Anda punya band? Atau anda musisi? Anda membuat lagu? Dan anda rekaman (recording)? Yah, itu proses yang biasanya dilakoni band/musisi. Oh iya, rekaman yang dimaksud disini adalah rekaman swadaya (recording dengan biaya sendiri). Tahap selanjutnya setelah proses rekaman inilah yang sering kali membingungkan. Beberapa band/musisi melakukan promo album, diantaranya dengan kerjasama dengan industri lain (biasanya rokok), dan yang paling umum menggandeng partner dari media radio dan distro – distro. Harapannya adalah lagu mereka bisa dikenal publik dan akhirnya laku terjual. Apakah metode seperti ini akan terus bertahan untuk waktu – waktu ke depan? Sementara sekarang adalah jaman digital, sehingga lagu yang dijual dalam bentuk CD dengan benderol harga lumayan bisa dengan mudah digandakan (dibajak) dan disebarluaskan secara gratis (dan ilegal).

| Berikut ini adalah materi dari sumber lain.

(* Let $\beta>0$ and $x\in(\lambda_t^-,\lambda^+)$, and let $\alpha^*$ be such that $\psi_x^*(0)=\int\log(1+\alpha^*(x-\lambda))\,d\mu_\lambda$. Then $$\alpha^*=\begin{cases}\frac{1}{\lambda^+-x} & \text{if } x\ge1+\sqrt\beta,\\ -\frac{1}{x-\lambda^-} & \text{if } x\le1-\sqrt\beta\text{ and }\beta<1,\\ \frac1\beta\frac{x-1}{x} & \text{otherwise.}\end{cases}$$
   Context: Let $\lambda^\pm=(1\pm\sqrt\beta)^2$, $\mu_\lambda$ the probability measure $d\mu_\lambda=\Big((1-\tfrac1\beta)^+\delta(\lambda)+\frac{\sqrt{(\lambda-\lambda^-)^+(\lambda^+-\lambda)^+}}{2\pi\beta\lambda}\Big)d\lambda$, $\lambda_t^-=0$ if $\beta\ge1$ and $=\lambda^-$ if $\beta<1$. For $x\in(\lambda_t^-,\lambda^+)$, $\psi_x(\alpha)=-\int\log(1-\alpha(\lambda-x))\,d\mu_\lambda$ for $\alpha\in[-\frac1{x-\lambda_t^-},\frac1{\lambda^+-x}]$ and $+\infty$ otherwise, and $\psi_x^*(t)=\sup_{\alpha\in\mathbb R}(\alpha t-\psi_x(\alpha))$. *)

theory Defs
  imports "HOL-Analysis.Analysis"
begin

definition lam_plus :: "real \<Rightarrow> real" where
  "lam_plus \<beta> = (1 + sqrt \<beta>)^2"

definition lam_minus :: "real \<Rightarrow> real" where
  "lam_minus \<beta> = (1 - sqrt \<beta>)^2"

definition lam_t_minus :: "real \<Rightarrow> real" where
  "lam_t_minus \<beta> = (if \<beta> \<ge> 1 then 0 else lam_minus \<beta>)"

definition mp_density :: "real \<Rightarrow> real \<Rightarrow> real" where
  "mp_density \<beta> l =
     sqrt (max 0 (l - lam_minus \<beta>) * max 0 (lam_plus \<beta> - l)) / (2 * pi * \<beta> * l)"

definition mp_measure :: "real \<Rightarrow> real measure" where
  "mp_measure \<beta> = measure_of UNIV (sets borel)
     (\<lambda>A. ennreal (max 0 (1 - 1/\<beta>)) * indicator A 0
          + (\<integral>\<^sup>+ l. ennreal (mp_density \<beta> l) * indicator A l \<partial>lborel))"

text \<open>psi_x(alpha) as an extended real: the integral of -log(1 - alpha(l - x)) is
  +infinity unless the argument is a.e. positive and the logarithm is integrable
  (the negative part of -log is bounded on the compact support).\<close>
definition psi :: "real \<Rightarrow> real \<Rightarrow> real \<Rightarrow> ereal" where
  "psi \<beta> x \<alpha> =
     (if \<alpha> \<in> {-1 / (x - lam_t_minus \<beta>) .. 1 / (lam_plus \<beta> - x)}
         \<and> (AE l in mp_measure \<beta>. 1 - \<alpha> * (l - x) > 0)
         \<and> integrable (mp_measure \<beta>) (\<lambda>l. ln (1 - \<alpha> * (l - x)))
      then ereal (- (\<integral>l. ln (1 - \<alpha> * (l - x)) \<partial>mp_measure \<beta>))
      else \<infinity>)"

definition psi_star :: "real \<Rightarrow> real \<Rightarrow> real \<Rightarrow> ereal" where
  "psi_star \<beta> x t = (SUP \<alpha>\<in>(UNIV::real set). ereal (\<alpha> * t) - psi \<beta> x \<alpha>)"

end

theory Submission
  imports Defs "HOL-Probability.Probability_Measure"
begin

text \<open>Since \<open>\<psi>\<^sup>*\<^sub>x(0) = - inf \<psi>\<^sub>x\<close>, the hypothesis says that \<open>\<alpha>\<^sup>*\<close> minimises \<open>\<psi>\<^sub>x\<close>. By strict
  concavity of the logarithm (\<open>ln u - ln v < (u - v) / v\<close> for \<open>u \<noteq> v\<close>), a point \<open>\<alpha>\<close> of the
  domain with \<open>(\<alpha>' - \<alpha>) \<psi>\<^sub>x'(\<alpha>) \<ge> 0\<close> for every \<open>\<alpha>'\<close> of the domain is the unique minimiser, so
  it suffices to check this first-order condition at the claimed value. With \<open>w = x + 1 / \<alpha>\<close> one
  has \<open>1 - \<alpha> (\<lambda> - x) = \<alpha> (w - \<lambda>)\<close>, hence \<open>\<psi>\<^sub>x'(\<alpha>) = (S(w) / \<alpha> - 1) / \<alpha>\<close>, where \<open>S\<close> is the
  Stieltjes transform of \<open>\<mu>\<close>, computed in closed form from elementary primitives over the
  semicircle. For \<open>x \<ge> 1 + \<surd>\<beta>\<close> the value \<open>\<alpha> = 1 / (\<lambda>\<^sup>+ - x)\<close> gives \<open>w = \<lambda>\<^sup>+\<close> and \<open>\<psi>\<^sub>x'(\<alpha>) \<le> 0\<close>;
  for \<open>x \<le> 1 - \<surd>\<beta>\<close> the value \<open>\<alpha> = -1 / (x - \<lambda>\<^sup>-)\<close> gives \<open>w = \<lambda>\<^sup>-\<close> and \<open>\<psi>\<^sub>x'(\<alpha>) \<ge> 0\<close>; in
  between, \<open>\<alpha> = (x - 1) / (\<beta> x)\<close> solves the stationarity equation \<open>S(x + 1 / \<alpha>) = \<alpha>\<close>.\<close>

lemma has_integral_one_signed_imp_lborel:
  fixes f :: "real \<Rightarrow> real"
  assumes f: "(f has_integral I) {a..b}" and [measurable]: "f \<in> borel_measurable borel"
    and sign: "(\<forall>x\<in>{a..b}. 0 \<le> f x) \<or> (\<forall>x\<in>{a..b}. f x \<le> 0)"
  shows "integrable lborel (\<lambda>x. indicator {a..b} x * f x)"
    "(\<integral>x. indicator {a..b} x * f x \<partial>lborel) = I"
proof -
  have int: "f integrable_on {a..b}" "(\<lambda>x. - f x) integrable_on {a..b}"
    using f by (auto simp: integrable_on_def intro: has_integral_neg)
  have "(\<lambda>x. norm (f x)) integrable_on {a..b}"
    using sign by (auto intro: integrable_eq[OF int(1)] integrable_eq[OF int(2)])
  then have abs_int: "f absolutely_integrable_on {a..b}"
    by (rule absolutely_integrable_onI[OF int(1)])
  have meas: "(\<lambda>x. indicator {a..b} x * f x) \<in> borel_measurable lborel"
    by measurable
  show "integrable lborel (\<lambda>x. indicator {a..b} x * f x)"
    using abs_int integrable_completion[OF meas] by (simp add: set_integrable_def)
  have "(LINT x:{a..b}|lebesgue. f x) = I"
    using set_lebesgue_integral_eq_integral(2)[OF abs_int] integral_unique[OF f] by simp
  then show "(\<integral>x. indicator {a..b} x * f x \<partial>lborel) = I"
    using integral_completion[OF meas] by (simp add: set_lebesgue_integral_def)
qed

lemma abs_ln_le:
  assumes "0 < (v::real)" shows "\<bar>ln v\<bar> \<le> v + 1 / v"
proof -
  have "0 < 1 / v" using assms by simp
  moreover have "ln v \<le> v - 1" "- ln v \<le> 1 / v - 1"
    using assms ln_le_minus_one[of v] ln_le_minus_one[of "1 / v"] by (simp_all add: ln_div)
  ultimately show ?thesis
    using assms by (simp only: abs_le_iff) linarith
qed

lemma integrable_ln:
  fixes f :: "'a \<Rightarrow> real"
  assumes f: "integrable M f" "integrable M (\<lambda>x. 1 / f x)" and pos: "AE x in M. 0 < f x"
  shows "integrable M (\<lambda>x. ln (f x))"
proof (rule Bochner_Integration.integrable_bound)
  show "integrable M (\<lambda>x. f x + 1 / f x)"
    using f by (rule Bochner_Integration.integrable_add)
  show "(\<lambda>x. ln (f x)) \<in> borel_measurable M"
    using borel_measurable_integrable[OF f(1)] by measurable
  show "AE x in M. norm (ln (f x)) \<le> norm (f x + 1 / f x)"
    using pos by eventually_elim (use abs_ln_le in \<open>auto intro: order_trans[OF _ abs_ge_self]\<close>)
qed

lemma (in finite_measure) integral_ln_less:
  fixes f g :: "'a \<Rightarrow> real"
  assumes M: "emeasure M (space M) \<noteq> 0"
    and pos: "AE x in M. 0 < f x" "AE x in M. 0 < g x" and ne: "AE x in M. f x \<noteq> g x"
    and int: "integrable M (\<lambda>x. ln (f x))" "integrable M (\<lambda>x. ln (g x))"
      "integrable M (\<lambda>x. (g x - f x) / f x)"
  shows "(\<integral>x. ln (g x) \<partial>M) < (\<integral>x. ln (f x) \<partial>M) + (\<integral>x. (g x - f x) / f x \<partial>M)"
proof -
  have "AE x in M. ln (g x) - ln (f x) < (g x - f x) / f x"
    using pos ne by eventually_elim (rule ln_diff_less, auto)
  then have "(\<integral>x. ln (g x) - ln (f x) \<partial>M) < (\<integral>x. (g x - f x) / f x \<partial>M)"
    using int M by (intro integral_less_AE_space) auto
  then show ?thesis
    using int by simp
qed

lemma integral_affine_quotient:
  fixes M :: "real measure" and x a :: real
  assumes M: "prob_space M" "sets M = sets borel" and a: "a \<noteq> 0"
    and int: "integrable M (\<lambda>l. 1 / (x + 1 / a - l))" and ne: "AE l in M. l \<noteq> x + 1 / a"
  shows "integrable M (\<lambda>l. 1 / (1 - a * (l - x)))"
    "integrable M (\<lambda>l. (l - x) / (1 - a * (l - x)))"
    "(\<integral>l. (l - x) / (1 - a * (l - x)) \<partial>M) = ((\<integral>l. 1 / (x + 1 / a - l) \<partial>M) / a - 1) / a"
proof -
  interpret prob_space M by (rule M(1))
  have [measurable_cong]: "sets M = sets borel" by (rule M(2))
  have affine: "1 - a * (l - x) = a * (x + 1 / a - l)" for l
    using a by (simp add: algebra_simps)
  show "integrable M (\<lambda>l. 1 / (1 - a * (l - x)))"
    unfolding affine using integrable_mult_right[OF int, of "1 / a"] by simp
  define q where "q = (\<lambda>l. 1 / a\<^sup>2 * (1 / (x + 1 / a - l)) - 1 / a)"
  have ae: "AE l in M. (l - x) / (1 - a * (l - x)) = q l"
  proof (rule AE_mp[OF ne], intro AE_I2 impI)
    fix l assume "l \<noteq> x + 1 / a"
    define d where "d = x + 1 / a - l"
    have d: "d \<noteq> 0" "l - x = 1 / a - d"
      using \<open>l \<noteq> x + 1 / a\<close> by (auto simp: d_def)
    have "(l - x) / (1 - a * (l - x)) = (1 / a - d) / (a * d)"
      unfolding affine d_def[symmetric] by (simp only: d(2))
    also have "\<dots> = q l"
      unfolding q_def d_def[symmetric] using a d(1) by (simp add: field_simps power2_eq_square)
    finally show "(l - x) / (1 - a * (l - x)) = q l" .
  qed
  have int_q: "integrable M q"
    unfolding q_def using int by (intro Bochner_Integration.integrable_diff integrable_mult_right) auto
  show "integrable M (\<lambda>l. (l - x) / (1 - a * (l - x)))"
    by (rule integrable_cong_AE_imp[OF int_q _ AE_symmetric[OF ae]]) measurable
  have "(\<integral>l. (l - x) / (1 - a * (l - x)) \<partial>M) = (\<integral>l. q l \<partial>M)"
    using ae by (intro integral_cong_AE) (simp_all add: q_def)
  also have "\<dots> = (\<integral>l. 1 / a\<^sup>2 * (1 / (x + 1 / a - l)) \<partial>M) - (\<integral>l. 1 / a \<partial>M)"
    unfolding q_def using int by (intro Bochner_Integration.integral_diff integrable_mult_right) auto
  also have "\<dots> = 1 / a\<^sup>2 * (\<integral>l. 1 / (x + 1 / a - l) \<partial>M) - 1 / a"
    by (simp only: integral_mult_right_zero) (simp add: prob_space)
  also have "\<dots> = ((\<integral>l. 1 / (x + 1 / a - l) \<partial>M) / a - 1) / a"
    using a by (simp add: field_simps power2_eq_square)
  finally show "(\<integral>l. (l - x) / (1 - a * (l - x)) \<partial>M) = ((\<integral>l. 1 / (x + 1 / a - l) \<partial>M) / a - 1) / a" .
qed

section \<open>Integrals over a semicircle\<close>

definition semicircle :: "real \<Rightarrow> real \<Rightarrow> real \<Rightarrow> real" where
  "semicircle c r l = sqrt ((l - (c - r)) * ((c + r) - l))"

lemma semicircle_sq:
  assumes "c - r \<le> l" "l \<le> c + r"
  shows "(semicircle c r l)\<^sup>2 = r\<^sup>2 - (l - c)\<^sup>2"
  using assms by (simp add: semicircle_def) (simp add: power2_eq_square algebra_simps)

lemma semicircle_pos: "c - r < l \<Longrightarrow> l < c + r \<Longrightarrow> semicircle c r l > 0"
  by (simp add: semicircle_def)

Contoh paling mudah adalah launching album terbaru PeterPan beberapa waktu lalu. Bahkan sebelum album “Hari yang Cerah” tersebut dilaunching secara resmi, seluruh lagu dalam satu album tersebut sudah berdengung di seputar kost-kostan daerah Jogja . Dan tentunya “hal biasa” ini tidak hanya terjadi di Jogja saja bukan? Dan tentunya tidak hanya album PeterPan saja, Kangen band juga (ouhh.. , topik sensitif ya :D).

Untuk band sekelas PeterPan, Padi, Dewa19, Slank, dll mungkin hal ini tidak berpengaruh banyak. Pendapatan mereka tetap berlebih. Tapi bagaimana dengan mereka yang berjalan di jalur indie? Pangsa pasar sedikit, bertahan susah, masih dibajak lagi.. (helahh…, sedih banget..)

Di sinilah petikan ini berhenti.